Last week, the first meeting of the genAI Benchmarks Initiative took place at the London office of CMS. Its goal: to scope out a path for standardising accuracy assessments for genAI legal tools. Here are some of the key points.
Overview
The meeting was made up of around 40 people, selected from a larger group who had shown an interest in the project. They represented law firms, inhouse teams, legal tech companies and other elements of the legal sector.
The initiative was triggered by the Stanford legal research tool study debacle, which blew a hole through the idea that all genAI tools are hitting the levels of accuracy (and lack of hallucinations) most lawyers would expect.
After calls from Artificial Lawyer and others for an industry consensus on genAI accuracy in the wake of the Stanford study’s fallout, John Craske, Head of Innovation at CMS, with the backing of legal tech group LITIG, has put together this project.

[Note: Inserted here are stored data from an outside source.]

lemma (in prob_space) exp_tail_of_confidence_bound:
  fixes R :: "'a \<Rightarrow> real"
  assumes R: "R \<in> borel_measurable M"
    and conf: "\<And>\<delta>. 0 < \<delta> \<Longrightarrow> \<delta> < 1 \<Longrightarrow> 1 - \<delta> \<le> prob {x \<in> space M. R x \<le> ln (1 / \<delta>) + b}"
    and r: "b \<le> r"
  shows "prob {x \<in> space M. r < R x} \<le> exp (b - r)"
proof (cases "r = b")
  case True
  then show ?thesis by simp
next
  case False
  define \<delta> where "\<delta> = exp (b - r)"
  have \<delta>: "0 < \<delta>" "\<delta> < 1" unfolding \<delta>_def using r False by auto
  have "ln (1 / \<delta>) + b = r" unfolding \<delta>_def by (simp add: ln_div)
  then have "1 - \<delta> \<le> prob {x \<in> space M. R x \<le> r}" using conf[OF \<delta>] by simp
  moreover have "{x \<in> space M. r < R x} = space M - {x \<in> space M. R x \<le> r}" by auto
  moreover have "{x \<in> space M. R x \<le> r} \<in> events" using R by measurable
  ultimately show ?thesis unfolding \<delta>_def by (simp add: prob_compl)
qed

lemma (in prob_space) nn_integral_powr_le_of_exp_tail:
  fixes R :: "'a \<Rightarrow> real" and b q :: real
  assumes R: "R \<in> borel_measurable M" "\<And>x. 0 \<le> R x"
    and b: "0 \<le> b" and q: "0 < q"
    and tail: "\<And>r. b \<le> r \<Longrightarrow> prob {x \<in> space M. r < R x} \<le> exp (b - r)"
  shows "(\<integral>\<^sup>+x. ennreal (R x powr q) \<partial>M) \<le> ennreal (b powr q + exp b * Gamma (q + 1))"
proof -
  define F where "F x r = ennreal (q * r powr (q - 1)) * indicator {b..<R x} r" for x r
  have F_measurable: "case_prod F \<in> borel_measurable (M \<Otimes>\<^sub>M lborel)"
    unfolding F_def indicator_def atLeastLessThan_iff using R(1) by measurable
  interpret pair_sigma_finite M lborel ..
  have "(\<integral>\<^sup>+x. ennreal (R x powr q) \<partial>M) \<le> (\<integral>\<^sup>+x. ennreal (b powr q) + (\<integral>\<^sup>+r. F x r \<partial>lborel) \<partial>M)"
    unfolding F_def using R(2) b q by (intro nn_integral_mono powr_le_layer_cake)
  also have "\<dots> = ennreal (b powr q) + (\<integral>\<^sup>+x. \<integral>\<^sup>+r. F x r \<partial>lborel \<partial>M)"
    using lborel.borel_measurable_nn_integral[OF F_measurable]
    by (simp add: nn_integral_add emeasure_space_1)
  also have "(\<integral>\<^sup>+x. \<integral>\<^sup>+r. F x r \<partial>lborel \<partial>M) = (\<integral>\<^sup>+r. \<integral>\<^sup>+x. F x r \<partial>M \<partial>lborel)"
    using Fubini'[OF F_measurable] by simp
  also have "\<dots> \<le> (\<integral>\<^sup>+r. ennreal (q * r powr (q - 1) * exp (b - r)) * indicator {b..} r \<partial>lborel)"
  proof (intro nn_integral_mono)
    fix r :: real
    have "(\<integral>\<^sup>+x. F x r \<partial>M)
        = ennreal (q * r powr (q - 1)) * emeasure M {x \<in> space M. b \<le> r \<and> r < R x}"
      unfolding F_def using R(1)
      by (subst nn_integral_cmult_indicator[symmetric]) (auto intro!: nn_integral_cong simp: indicator_def)
    also have "\<dots> \<le> ennreal (q * r powr (q - 1) * exp (b - r)) * indicator {b..} r"
      using tail[of r] q by (cases "b \<le> r")
        (auto simp: emeasure_eq_measure ennreal_mult'[symmetric] intro!: mult_left_mono)
    finally show "(\<integral>\<^sup>+x. F x r \<partial>M) \<le> ennreal (q * r powr (q - 1) * exp (b - r)) * indicator {b..} r" .
  qed
  also have "\<dots> \<le> ennreal (exp b * Gamma (q + 1))"
    using b q by (rule nn_integral_exp_tail_le_Gamma)
  finally show ?thesis
    using b q Gamma_real_pos[of "q + 1"]
    by (simp add: ennreal_plus[symmetric] add_left_mono del: ennreal_plus)
qed

lemma (in prob_space) nn_integral_powr_le_of_confidence_bound:
  fixes Z :: "'a \<Rightarrow> real" and a b p :: real and K :: nat
  assumes Z: "Z \<in> borel_measurable M" "\<And>x. 0 \<le> Z x"
    and a: "0 < a" and b: "0 \<le> b" and K: "0 < K" and p: "0 < p"
    and conf: "\<And>\<delta>. 0 < \<delta> \<Longrightarrow> \<delta> < 1 \<Longrightarrow>
      1 - \<delta> \<le> prob {x \<in> space M. Z x \<le> a * (ln (1 / \<delta>) + b) ^ K}"
  shows "(\<integral>\<^sup>+x. ennreal (Z x powr p) \<partial>M)
    \<le> ennreal ((a * b ^ K) powr p + a powr p * exp b * Gamma (K * p + 1))"
proof -
  define R where "R x = root K (Z x / a)" for x
  have R_measurable: "R \<in> borel_measurable M"
    unfolding R_def using Z(1) by measurable
  have R_nonneg: "0 \<le> R x" for x
    unfolding R_def by (intro real_root_ge_zero divide_nonneg_pos Z(2) a)
  have R_le_iff: "R x \<le> u \<longleftrightarrow> Z x \<le> a * u ^ K" if "0 \<le> u" for x u
    using that a K by (simp add: R_def root_le_iff_le_power pos_divide_le_eq mult.commute)
  have tail: "prob {x \<in> space M. r < R x} \<le> exp (b - r)" if "b \<le> r" for r
  proof (rule exp_tail_of_confidence_bound[OF R_measurable _ that])
    fix \<delta> :: real
    assume \<delta>: "0 < \<delta>" "\<delta> < 1"
    then have "0 \<le> ln (1 / \<delta>) + b" using b by simp
    then show "1 - \<delta> \<le> prob {x \<in> space M. R x \<le> ln (1 / \<delta>) + b}"
      using conf[OF \<delta>] by (simp add: R_le_iff)
  qed
  have "Z x powr p = a powr p * R x powr (K * p)" for x
    unfolding R_def using Z(2) a K by (rule powr_eq_powr_mult_root_powr)
  then have "(\<integral>\<^sup>+x. ennreal (Z x powr p) \<partial>M) = ennreal (a powr p) * (\<integral>\<^sup>+x. ennreal (R x powr (K * p)) \<partial>M)"
    using R_measurable by (simp add: ennreal_mult nn_integral_cmult)
  also have "\<dots> \<le> ennreal (a powr p) * ennreal (b powr (K * p) + exp b * Gamma (K * p + 1))"
    using R_measurable R_nonneg b K p tail
    by (intro mult_left_mono nn_integral_powr_le_of_exp_tail) auto
  also have "a powr p * b powr (K * p) = (a * b ^ K) powr p"
    using a b K by (simp add: powr_mult powr_powr[symmetric] powr_realpow')
  then have "ennreal (a powr p) * ennreal (b powr (K * p) + exp b * Gamma (K * p + 1))
      = ennreal ((a * b ^ K) powr p + a powr p * exp b * Gamma (K * p + 1))"
    using b K p Gamma_real_pos[of "K * p + 1"]
    by (simp add: ennreal_mult'[symmetric] distrib_left mult_ac)
  finally show ?thesis .
qed
lemma card_N1: "card N1 + 2 = degree E u + degree E v"
proof -
  define I where "I = incident_edges E"
  have fin: "finite (I w)" for w using finite_E by (simp add: I_def incident_edges_def)
  have "I u \<inter> I v \<subseteq> {{u,v}}"
  proof
    fix f assume "f \<in> I u \<inter> I v"
    hence "f \<in> E" "u \<in> f" "v \<in> f" by (auto simp: I_def incident_edges_def)
    then obtain x y where "f = {x,y}" using simple_graph_edgeE[OF simple] by blast
    thus "f \<in> {{u,v}}" using \<open>u \<in> f\<close> \<open>v \<in> f\<close> u_neq_v by auto
  qed
  moreover have uv_in: "{u,v} \<in> I u \<inter> I v" using edge by (simp add: I_def incident_edges_def)
  ultimately have "I u \<inter> I v = {{u,v}}" by blast
  hence "card (I u \<union> I v) + 1 = degree E u + degree E v"
    using card_Un_Int[OF fin fin] card_incident_edges[OF simple] by (simp add: I_def)
  moreover have "N1 = (I u \<union> I v) - {{u,v}}"
    by (auto simp: N1_def edge_nbrs1_def I_def incident_edges_def)
  moreover have "card (I u \<union> I v) \<noteq> 0" using uv_in fin by auto
  ultimately show ?thesis using uv_in by simp
qed

lemma N1E:
  assumes "g \<in> N1"
  obtains a b where "g = {a,b}" "g \<in> E" "a \<in> {u,v}" "b \<notin> {u,v}"
proof -
  have g: "g \<in> E" "g \<noteq> {u,v}" "g \<inter> {u,v} \<noteq> {}" using assms by (auto simp: N1_def edge_nbrs1_def)
  then obtain x y where xy: "g = {x,y}" "x \<noteq> y" using simple_graph_edgeE[OF simple] by blast
  show ?thesis
  proof (cases "x \<in> {u,v}")
    case True
    hence "y \<notin> {u,v}" using xy g u_neq_v by auto
    thus ?thesis using that True xy g by blast
  next
    case False
    hence "y \<in> {u,v}" using xy g by auto
    moreover have "g = {y,x}" using xy by auto
    ultimately show ?thesis using that False g by blast
  qed
qed

lemma N1I: "{a,b} \<in> E \<Longrightarrow> a \<in> {u,v} \<Longrightarrow> b \<notin> {u,v} \<Longrightarrow> {a,b} \<in> N1"
  by (auto simp: N1_def edge_nbrs1_def)

lemma links_nonempty_iff:
  assumes "f \<inter> {u,v} = {}"
  shows "links f \<noteq> {} \<longleftrightarrow> (\<exists>g\<in>E. g \<inter> {u,v} \<noteq> {} \<and> g \<inter> f \<noteq> {})"
proof
  assume "\<exists>g\<in>E. g \<inter> {u,v} \<noteq> {} \<and> g \<inter> f \<noteq> {}"
  then obtain g a b where g: "g \<in> E" "a \<in> g" "a \<in> {u,v}" "b \<in> g" "b \<in> f" by blast
  moreover obtain x y where "g = {x,y}" using simple_graph_edgeE[OF simple \<open>g \<in> E\<close>] .
  moreover have "a \<noteq> b" using g assms by auto
  ultimately have "g \<in> links f" by (auto simp: links_def)
  thus "links f \<noteq> {}" by blast
qed (auto simp: links_def)

lemma F2_iff: "f \<in> F2 \<longleftrightarrow> f \<in> E \<and> f \<inter> {u,v} = {} \<and> 2 \<le> card (links f)"
proof -
  have "conn_count E {u,v} f = card (links f)" by (simp add: conn_count_def links_def)
  hence "f \<in> F2 \<longleftrightarrow> f \<in> E \<and> f \<inter> {u,v} = {} \<and> links f \<noteq> {} \<and> card (links f) \<noteq> 1"
    using links_nonempty_iff by (auto simp: F2_def type6_def edge_nbrs2_def)
  moreover have "links f \<noteq> {} \<longleftrightarrow> card (links f) \<noteq> 0" using finite_links by simp
  ultimately show ?thesis by auto
qed
lemma beyond_subset: "a \<in> {u,v} \<Longrightarrow> b \<notin> {u,v} \<Longrightarrow> beyond {a,b} \<subseteq> incident_edges E b - {{a,b}}"
  by (auto simp: beyond_def incident_edges_def)

lemma card_incident_edges_remove:
  "{a,b} \<in> E \<Longrightarrow> card (incident_edges E b - {{a,b}}) = degree E b - 1"
  using card_incident_edges[OF simple] by (simp add: incident_edges_def)
text \<open>A weighted form of the Cauchy--Schwarz inequality; letting t vary
  replaces the square roots of the usual form.\<close>
lemma integral_mult_weighted_bound:
  assumes "square_integrable M f" "square_integrable M g" "t > 0"
  shows "\<bar>integral\<^sup>L M (\<lambda>w. f w * g w)\<bar>
           \<le> t * integral\<^sup>L M (\<lambda>w. (f w)\<^sup>2) + integral\<^sup>L M (\<lambda>w. (g w)\<^sup>2) / t"
proof -
  have "\<bar>integral\<^sup>L M (\<lambda>w. f w * g w)\<bar> \<le> integral\<^sup>L M (\<lambda>w. \<bar>f w * g w\<bar>)"
    by (rule integral_abs_bound)
  also have "\<dots> \<le> integral\<^sup>L M (\<lambda>w. t * (f w)\<^sup>2 + (g w)\<^sup>2 / t)"
    using assms abs_mult_le_weighted_squares
    by (intro integral_mono square_integrable_mult integrable_abs)
       (auto simp: square_integrable_def)
  also have "\<dots> = t * integral\<^sup>L M (\<lambda>w. (f w)\<^sup>2) + integral\<^sup>L M (\<lambda>w. (g w)\<^sup>2) / t"
    using assms by (simp add: square_integrable_def)
  finally show ?thesis .
qed

lemma integral_square_add:
  assumes "square_integrable M f" "square_integrable M g"
  shows "integral\<^sup>L M (\<lambda>w. (f w + g w)\<^sup>2)
           = integral\<^sup>L M (\<lambda>w. (f w)\<^sup>2) + 2 * integral\<^sup>L M (\<lambda>w. f w * g w)
             + integral\<^sup>L M (\<lambda>w. (g w)\<^sup>2)"
proof -
  have "(\<lambda>w. (f w + g w)\<^sup>2) = (\<lambda>w. (f w)\<^sup>2 + 2 * (f w * g w) + (g w)\<^sup>2)"
    by (simp add: power2_eq_square algebra_simps)
  then show ?thesis
    using assms square_integrable_mult[OF assms] by (simp add: square_integrable_def)
qed

lemma L2_null_inner_tendsto_zero:
  assumes f: "square_integrable M f" and h: "\<And>N. square_integrable M (h N)"
    and null: "(\<lambda>N. integral\<^sup>L M (\<lambda>w. (h N w)\<^sup>2)) \<longlonglongrightarrow> 0"
  shows "(\<lambda>N. integral\<^sup>L M (\<lambda>w. f w * h N w)) \<longlonglongrightarrow> 0"
proof (rule LIMSEQ_I)
  fix r :: real assume r: "r > 0"
  define F where "F = integral\<^sup>L M (\<lambda>w. (f w)\<^sup>2)"
  define t where "t = r / (2 * (F + 1))"
  have F: "F \<ge> 0" unfolding F_def by simp
  have t: "t > 0" "t * F < r / 2" using r F by (auto simp: t_def field_simps)
  obtain N0 where N0: "\<And>N. N \<ge> N0 \<Longrightarrow> norm (integral\<^sup>L M (\<lambda>w. (h N w)\<^sup>2)) < t * (r / 2)"
    using LIMSEQ_D[OF null, of "t * (r / 2)"] r t by auto
  have "norm (integral\<^sup>L M (\<lambda>w. f w * h N w) - 0) < r" if "N \<ge> N0" for N
  proof -
    have "\<bar>integral\<^sup>L M (\<lambda>w. f w * h N w)\<bar> \<le> t * F + integral\<^sup>L M (\<lambda>w. (h N w)\<^sup>2) / t"
      unfolding F_def by (rule integral_mult_weighted_bound[OF f h t(1)])
    moreover have "integral\<^sup>L M (\<lambda>w. (h N w)\<^sup>2) / t < r / 2"
      using N0[OF that] t(1) by (simp add: field_simps)
    ultimately have "\<bar>integral\<^sup>L M (\<lambda>w. f w * h N w)\<bar> < r" using t(2) by linarith
    then show ?thesis by simp
  qed
  then show "\<exists>N0. \<forall>N\<ge>N0. norm (integral\<^sup>L M (\<lambda>w. f w * h N w) - 0) < r" by blast
qed

lemma L2_perturbed_square_tendsto:
  assumes f: "square_integrable M f" and h: "\<And>N. square_integrable M (h N)"
    and null: "(\<lambda>N. integral\<^sup>L M (\<lambda>w. (h N w)\<^sup>2)) \<longlonglongrightarrow> 0"
  shows "(\<lambda>N. integral\<^sup>L M (\<lambda>w. (f w + h N w)\<^sup>2)) \<longlonglongrightarrow> integral\<^sup>L M (\<lambda>w. (f w)\<^sup>2)"
proof -
  have "(\<lambda>N. integral\<^sup>L M (\<lambda>w. (f w)\<^sup>2) + 2 * integral\<^sup>L M (\<lambda>w. f w * h N w)
             + integral\<^sup>L M (\<lambda>w. (h N w)\<^sup>2)) \<longlonglongrightarrow> integral\<^sup>L M (\<lambda>w. (f w)\<^sup>2) + 2 * 0 + 0"
    by (intro tendsto_intros L2_null_inner_tendsto_zero[OF f h null] null)
  then show ?thesis by (simp add: integral_square_add[OF f h])
qed

lemma L2_orthogonal_limit:
  assumes f: "square_integrable M f" and g: "square_integrable M g"
    and gN: "\<And>N. square_integrable M (g_approx N)"
    and conv: "(\<lambda>N. integral\<^sup>L M (\<lambda>w. (g w - g_approx N w)\<^sup>2)) \<longlonglongrightarrow> 0"
    and orth: "\<And>N. integral\<^sup>L M (\<lambda>w. f w * g_approx N w) = 0"
  shows "integral\<^sup>L M (\<lambda>w. f w * g w) = 0"
proof -
  have diff: "square_integrable M (\<lambda>w. g w - g_approx N w)" for N
    by (rule square_integrable_diff[OF g gN])
  have split: "integral\<^sup>L M (\<lambda>w. f w * g w)
                 = integral\<^sup>L M (\<lambda>w. f w * (g w - g_approx N w))" for N
  proof -
    have "integral\<^sup>L M (\<lambda>w. f w * g w) = integral\<^sup>L M (\<lambda>w. f w * (g w - g_approx N w))
            + integral\<^sup>L M (\<lambda>w. f w * g_approx N w)"
      using square_integrable_mult[OF f diff] square_integrable_mult[OF f gN]
      by (subst Bochner_Integration.integral_add[symmetric]) (simp_all add: algebra_simps)
    then show ?thesis by (simp add: orth)
  qed
  have "(\<lambda>N. integral\<^sup>L M (\<lambda>w. f w * (g w - g_approx N w))) \<longlonglongrightarrow> 0"
    by (rule L2_null_inner_tendsto_zero[OF f diff conv])
  then show ?thesis
    by (simp add: split[symmetric] LIMSEQ_const_iff)
qed

lemma integral_square_orthogonal_diff:
  assumes I: "finite I" and e: "square_integrable M e"
    and x: "\<And>j. j \<in> I \<Longrightarrow> square_integrable M (x j)"
    and orth: "\<And>j. j \<in> I \<Longrightarrow> integral\<^sup>L M (\<lambda>w. e w * x j w) = 0"
  shows "integral\<^sup>L M (\<lambda>w. (e w - (\<Sum>j\<in>I. c j * x j w))\<^sup>2)
           = integral\<^sup>L M (\<lambda>w. (e w)\<^sup>2)
             + (\<Sum>(j, l)\<in>I \<times> I. c j * c l * integral\<^sup>L M (\<lambda>w. x j w * x l w))"
proof -
  define T where "T w = (\<Sum>j\<in>I. c j * x j w)" for w
  have T: "square_integrable M (\<lambda>w. - T w)"
    unfolding T_def using x
    by (intro square_integrable_uminus square_integrable_sum square_integrable_cmult)
  have prod: "integrable M (\<lambda>w. x j w * x l w)" if "j \<in> I" "l \<in> I" for j l
    using square_integrable_mult[OF x x] that .
  have cross: "integral\<^sup>L M (\<lambda>w. e w * - T w) = 0"
  proof -
    have "integral\<^sup>L M (\<lambda>w. e w * - T w) = - (\<Sum>j\<in>I. c j * integral\<^sup>L M (\<lambda>w. e w * x j w))"
      unfolding T_def using square_integrable_mult[OF e x]
      by (simp add: sum_distrib_left mult.left_commute)
    then show ?thesis by (simp add: orth)
  qed
  have var: "integral\<^sup>L M (\<lambda>w. (- T w)\<^sup>2)
               = (\<Sum>(j, l)\<in>I \<times> I. c j * c l * integral\<^sup>L M (\<lambda>w. x j w * x l w))"
  proof -
    have "(\<lambda>w. (- T w)\<^sup>2) = (\<lambda>w. \<Sum>j\<in>I. \<Sum>l\<in>I. c j * c l * (x j w * x l w))"
      unfolding T_def by (simp add: power2_eq_square sum_product algebra_simps)
    then show ?thesis
      using prod by (simp add: sum.cartesian_product[symmetric] I)
  qed
  have "(\<lambda>w. (e w - T w)\<^sup>2) = (\<lambda>w. (e w + - T w)\<^sup>2)" by simp
  then show ?thesis
    using integral_square_add[OF e T] cross var by (simp add: T_def)
qed

text \<open>Causality of the MA representation: the innovation at time n is
  orthogonal to every X m with m < n, since X m is the L2 limit of combinations
  of earlier innovations.\<close>
lemma innovation_orthogonal_past:
  fixes X eps :: "int \<Rightarrow> 'a \<Rightarrow> real"
  assumes X: "square_integrable M (X m)" and eps: "\<And>n. square_integrable M (eps n)"
    and eps_cov: "\<And>n n'. integral\<^sup>L M (\<lambda>w. eps n w * eps n' w) = (if n = n' then s2 else 0)"
    and MA: "(\<lambda>N. integral\<^sup>L M (\<lambda>w. (X m w - (\<Sum>j<N. b j * eps (m - int j) w))\<^sup>2)) \<longlonglongrightarrow> 0"
    and past: "m < n"
  shows "integral\<^sup>L M (\<lambda>w. eps n w * X m w) = 0"
proof (rule L2_orthogonal_limit[OF eps X _ MA])
  show "square_integrable M (\<lambda>w. \<Sum>j<N. b j * eps (m - int j) w)" for N
    using eps by (intro square_integrable_sum square_integrable_cmult)
  show "integral\<^sup>L M (\<lambda>w. eps n w * (\<Sum>j<N. b j * eps (m - int j) w)) = 0" for N
  proof -
    have "integral\<^sup>L M (\<lambda>w. eps n w * (\<Sum>j<N. b j * eps (m - int j) w))
            = (\<Sum>j<N. b j * integral\<^sup>L M (\<lambda>w. eps n w * eps (m - int j) w))"
      using square_integrable_mult[OF eps eps]
      by (simp add: sum_distrib_left mult.left_commute)
    also have "\<dots> = 0" using past by (simp add: eps_cov)
    finally show ?thesis .
  qed
qed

This initial meeting was a way of ‘testing the water’ and figuring out how much support there was for real change, i.e. setting standard measures and benchmarks for accuracy. In a scene-setting introduction, this site’s founder, Richard Tromans, provided the background to the challenges we face as a sector, namely that lawyers are expected to wield a range of genAI tools, yet there is no shared approach on how to measure accuracy, or what the results should look like.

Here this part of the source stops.